** Opening Records for the task block **

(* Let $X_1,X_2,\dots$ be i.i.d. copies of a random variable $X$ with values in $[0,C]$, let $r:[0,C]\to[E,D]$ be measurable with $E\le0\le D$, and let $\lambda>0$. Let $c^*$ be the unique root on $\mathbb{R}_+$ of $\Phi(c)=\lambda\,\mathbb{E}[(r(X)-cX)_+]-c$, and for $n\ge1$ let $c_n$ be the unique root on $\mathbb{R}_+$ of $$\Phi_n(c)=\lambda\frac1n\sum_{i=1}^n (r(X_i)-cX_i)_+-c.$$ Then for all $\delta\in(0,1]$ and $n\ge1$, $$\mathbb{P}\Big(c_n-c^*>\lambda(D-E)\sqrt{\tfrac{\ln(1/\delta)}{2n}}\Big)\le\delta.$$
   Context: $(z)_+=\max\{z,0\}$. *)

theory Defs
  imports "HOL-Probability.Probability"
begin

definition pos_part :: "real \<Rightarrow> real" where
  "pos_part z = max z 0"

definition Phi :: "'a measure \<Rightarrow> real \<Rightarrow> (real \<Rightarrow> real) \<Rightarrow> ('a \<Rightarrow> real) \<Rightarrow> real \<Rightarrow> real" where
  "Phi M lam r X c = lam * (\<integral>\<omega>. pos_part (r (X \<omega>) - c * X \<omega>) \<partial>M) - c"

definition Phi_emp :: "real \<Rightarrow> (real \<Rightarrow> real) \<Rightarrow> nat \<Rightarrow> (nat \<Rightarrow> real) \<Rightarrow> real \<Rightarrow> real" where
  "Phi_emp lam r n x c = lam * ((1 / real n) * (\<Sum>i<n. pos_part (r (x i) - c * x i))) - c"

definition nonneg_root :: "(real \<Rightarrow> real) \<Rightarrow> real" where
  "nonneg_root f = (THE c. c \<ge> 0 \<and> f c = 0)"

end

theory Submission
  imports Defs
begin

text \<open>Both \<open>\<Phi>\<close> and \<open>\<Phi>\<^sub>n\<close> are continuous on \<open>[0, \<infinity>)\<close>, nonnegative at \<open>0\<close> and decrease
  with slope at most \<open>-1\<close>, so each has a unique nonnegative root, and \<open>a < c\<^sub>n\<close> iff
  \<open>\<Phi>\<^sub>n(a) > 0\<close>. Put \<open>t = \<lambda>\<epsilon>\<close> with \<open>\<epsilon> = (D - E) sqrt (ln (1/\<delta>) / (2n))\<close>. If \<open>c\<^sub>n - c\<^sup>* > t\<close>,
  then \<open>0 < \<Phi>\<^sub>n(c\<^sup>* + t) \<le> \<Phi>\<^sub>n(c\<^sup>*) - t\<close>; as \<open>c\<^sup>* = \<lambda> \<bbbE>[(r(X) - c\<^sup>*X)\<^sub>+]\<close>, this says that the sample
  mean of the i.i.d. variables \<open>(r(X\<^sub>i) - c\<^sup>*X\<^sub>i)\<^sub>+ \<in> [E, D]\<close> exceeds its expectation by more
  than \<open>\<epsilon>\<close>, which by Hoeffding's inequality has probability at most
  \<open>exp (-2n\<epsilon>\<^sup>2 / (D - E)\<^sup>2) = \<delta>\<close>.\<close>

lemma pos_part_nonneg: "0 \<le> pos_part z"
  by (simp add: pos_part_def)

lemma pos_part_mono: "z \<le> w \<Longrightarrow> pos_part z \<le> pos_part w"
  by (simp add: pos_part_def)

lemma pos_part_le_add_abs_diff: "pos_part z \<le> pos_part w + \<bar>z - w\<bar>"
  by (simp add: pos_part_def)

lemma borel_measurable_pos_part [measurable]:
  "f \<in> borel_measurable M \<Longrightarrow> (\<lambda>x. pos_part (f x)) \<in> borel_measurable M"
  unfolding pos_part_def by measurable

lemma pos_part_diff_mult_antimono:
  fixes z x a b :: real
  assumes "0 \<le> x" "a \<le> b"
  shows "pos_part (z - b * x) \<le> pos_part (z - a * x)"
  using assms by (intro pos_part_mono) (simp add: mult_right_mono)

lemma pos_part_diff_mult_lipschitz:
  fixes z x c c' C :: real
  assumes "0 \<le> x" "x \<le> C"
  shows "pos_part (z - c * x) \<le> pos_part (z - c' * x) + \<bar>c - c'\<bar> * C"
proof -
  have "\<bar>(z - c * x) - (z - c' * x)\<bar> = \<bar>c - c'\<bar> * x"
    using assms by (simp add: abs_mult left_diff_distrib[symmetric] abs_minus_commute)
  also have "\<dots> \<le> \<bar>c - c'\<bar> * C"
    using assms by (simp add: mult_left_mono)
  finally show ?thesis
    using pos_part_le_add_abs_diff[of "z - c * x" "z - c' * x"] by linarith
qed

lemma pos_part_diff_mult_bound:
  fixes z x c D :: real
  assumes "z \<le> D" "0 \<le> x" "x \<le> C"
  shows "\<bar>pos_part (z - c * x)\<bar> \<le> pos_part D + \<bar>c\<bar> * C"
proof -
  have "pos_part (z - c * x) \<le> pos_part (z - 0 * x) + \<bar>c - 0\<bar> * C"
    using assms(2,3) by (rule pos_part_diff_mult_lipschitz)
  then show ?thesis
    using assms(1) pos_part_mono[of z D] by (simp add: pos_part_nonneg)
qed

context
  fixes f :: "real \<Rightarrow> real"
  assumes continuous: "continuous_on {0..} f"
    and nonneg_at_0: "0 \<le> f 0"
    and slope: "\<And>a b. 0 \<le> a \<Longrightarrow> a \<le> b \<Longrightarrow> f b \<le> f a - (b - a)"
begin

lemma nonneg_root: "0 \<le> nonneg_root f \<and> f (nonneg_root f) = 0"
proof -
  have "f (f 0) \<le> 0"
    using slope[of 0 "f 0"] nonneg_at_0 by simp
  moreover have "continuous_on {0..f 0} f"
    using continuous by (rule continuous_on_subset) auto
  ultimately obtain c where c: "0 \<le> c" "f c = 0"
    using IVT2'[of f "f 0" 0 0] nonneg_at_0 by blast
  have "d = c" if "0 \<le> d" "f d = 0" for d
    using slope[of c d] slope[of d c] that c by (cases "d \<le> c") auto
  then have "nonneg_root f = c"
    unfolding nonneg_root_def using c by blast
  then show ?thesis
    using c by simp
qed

** Closing Records for the task block **

| Required work |
From the data above, copy each line exactly.

| Exercise answer |
(* Let $X_1,X_2,\dots$ be i.i.d. copies of a random variable $X$ with values in $[0,C]$, let $r:[0,C]\to[E,D]$ be measurable with $E\le0\le D$, and let $\lambda>0$. Let $c^*$ be the unique root on $\mathbb{R}_+$ of $\Phi(c)=\lambda\,\mathbb{E}[(r(X)-cX)_+]-c$, and for $n\ge1$ let $c_n$ be the unique root on $\mathbb{R}_+$ of $$\Phi_n(c)=\lambda\frac1n\sum_{i=1}^n (r(X_i)-cX_i)_+-c.$$ Then for all $\delta\in(0,1]$ and $n\ge1$, $$\mathbb{P}\Big(c_n-c^*>\lambda(D-E)\sqrt{\tfrac{\ln(1/\delta)}{2n}}\Big)\le\delta.$$
   Context: $(z)_+=\max\{z,0\}$. *)

theory Defs
  imports "HOL-Probability.Probability"
begin

definition pos_part :: "real \<Rightarrow> real" where
  "pos_part z = max z 0"

definition Phi :: "'a measure \<Rightarrow> real \<Rightarrow> (real \<Rightarrow> real) \<Rightarrow> ('a \<Rightarrow> real) \<Rightarrow> real \<Rightarrow> real" where
  "Phi M lam r X c = lam * (\<integral>\<omega>. pos_part (r (X \<omega>) - c * X \<omega>) \<partial>M) - c"

definition Phi_emp :: "real \<Rightarrow> (real \<Rightarrow> real) \<Rightarrow> nat \<Rightarrow> (nat \<Rightarrow> real) \<Rightarrow> real \<Rightarrow> real" where
  "Phi_emp lam r n x c = lam * ((1 / real n) * (\<Sum>i<n. pos_part (r (x i) - c * x i))) - c"

definition nonneg_root :: "(real \<Rightarrow> real) \<Rightarrow> real" where
  "nonneg_root f = (THE c. c \<ge> 0 \<and> f c = 0)"

end

theory Submission
  imports Defs
begin

text \<open>Both \<open>\<Phi>\<close> and \<open>\<Phi>\<^sub>n\<close> are continuous on \<open>[0, \<infinity>)\<close>, nonnegative at \<open>0\<close> and decrease
  with slope at most \<open>-1\<close>, so each has a unique nonnegative root, and \<open>a < c\<^sub>n\<close> iff
  \<open>\<Phi>\<^sub>n(a) > 0\<close>. Put \<open>t = \<lambda>\<epsilon>\<close> with \<open>\<epsilon> = (D - E) sqrt (ln (1/\<delta>) / (2n))\<close>. If \<open>c\<^sub>n - c\<^sup>* > t\<close>,
  then \<open>0 < \<Phi>\<^sub>n(c\<^sup>* + t) \<le> \<Phi>\<^sub>n(c\<^sup>*) - t\<close>; as \<open>c\<^sup>* = \<lambda> \<bbbE>[(r(X) - c\<^sup>*X)\<^sub>+]\<close>, this says that the sample
  mean of the i.i.d. variables \<open>(r(X\<^sub>i) - c\<^sup>*X\<^sub>i)\<^sub>+ \<in> [E, D]\<close> exceeds its expectation by more
  than \<open>\<epsilon>\<close>, which by Hoeffding's inequality has probability at most
  \<open>exp (-2n\<epsilon>\<^sup>2 / (D - E)\<^sup>2) = \<delta>\<close>.\<close>

lemma pos_part_nonneg: "0 \<le> pos_part z"
  by (simp add: pos_part_def)

lemma pos_part_mono: "z \<le> w \<Longrightarrow> pos_part z \<le> pos_part w"
  by (simp add: pos_part_def)

lemma pos_part_le_add_abs_diff: "pos_part z \<le> pos_part w + \<bar>z - w\<bar>"
  by (simp add: pos_part_def)

lemma borel_measurable_pos_part [measurable]:
  "f \<in> borel_measurable M \<Longrightarrow> (\<lambda>x. pos_part (f x)) \<in> borel_measurable M"
  unfolding pos_part_def by measurable

lemma pos_part_diff_mult_antimono:
  fixes z x a b :: real
  assumes "0 \<le> x" "a \<le> b"
  shows "pos_part (z - b * x) \<le> pos_part (z - a * x)"
  using assms by (intro pos_part_mono) (simp add: mult_right_mono)

lemma pos_part_diff_mult_lipschitz:
  fixes z x c c' C :: real
  assumes "0 \<le> x" "x \<le> C"
  shows "pos_part (z - c * x) \<le> pos_part (z - c' * x) + \<bar>c - c'\<bar> * C"
proof -
  have "\<bar>(z - c * x) - (z - c' * x)\<bar> = \<bar>c - c'\<bar> * x"
    using assms by (simp add: abs_mult left_diff_distrib[symmetric] abs_minus_commute)
  also have "\<dots> \<le> \<bar>c - c'\<bar> * C"
    using assms by (simp add: mult_left_mono)
  finally show ?thesis
    using pos_part_le_add_abs_diff[of "z - c * x" "z - c' * x"] by linarith
qed

lemma pos_part_diff_mult_bound:
  fixes z x c D :: real
  assumes "z \<le> D" "0 \<le> x" "x \<le> C"
  shows "\<bar>pos_part (z - c * x)\<bar> \<le> pos_part D + \<bar>c\<bar> * C"
proof -
  have "pos_part (z - c * x) \<le> pos_part (z - 0 * x) + \<bar>c - 0\<bar> * C"
    using assms(2,3) by (rule pos_part_diff_mult_lipschitz)
  then show ?thesis
    using assms(1) pos_part_mono[of z D] by (simp add: pos_part_nonneg)
qed

context
  fixes f :: "real \<Rightarrow> real"
  assumes continuous: "continuous_on {0..} f"
    and nonneg_at_0: "0 \<le> f 0"
    and slope: "\<And>a b. 0 \<le> a \<Longrightarrow> a \<le> b \<Longrightarrow> f b \<le> f a - (b - a)"
begin

lemma nonneg_root: "0 \<le> nonneg_root f \<and> f (nonneg_root f) = 0"
proof -
  have "f (f 0) \<le> 0"
    using slope[of 0 "f 0"] nonneg_at_0 by simp
  moreover have "continuous_on {0..f 0} f"
    using continuous by (rule continuous_on_subset) auto
  ultimately obtain c where c: "0 \<le> c" "f c = 0"
    using IVT2'[of f "f 0" 0 0] nonneg_at_0 by blast
  have "d = c" if "0 \<le> d" "f d = 0" for d
    using slope[of c d] slope[of d c] that c by (cases "d \<le> c") auto
  then have "nonneg_root f = c"
    unfolding nonneg_root_def using c by blast
  then show ?thesis
    using c by simp
qed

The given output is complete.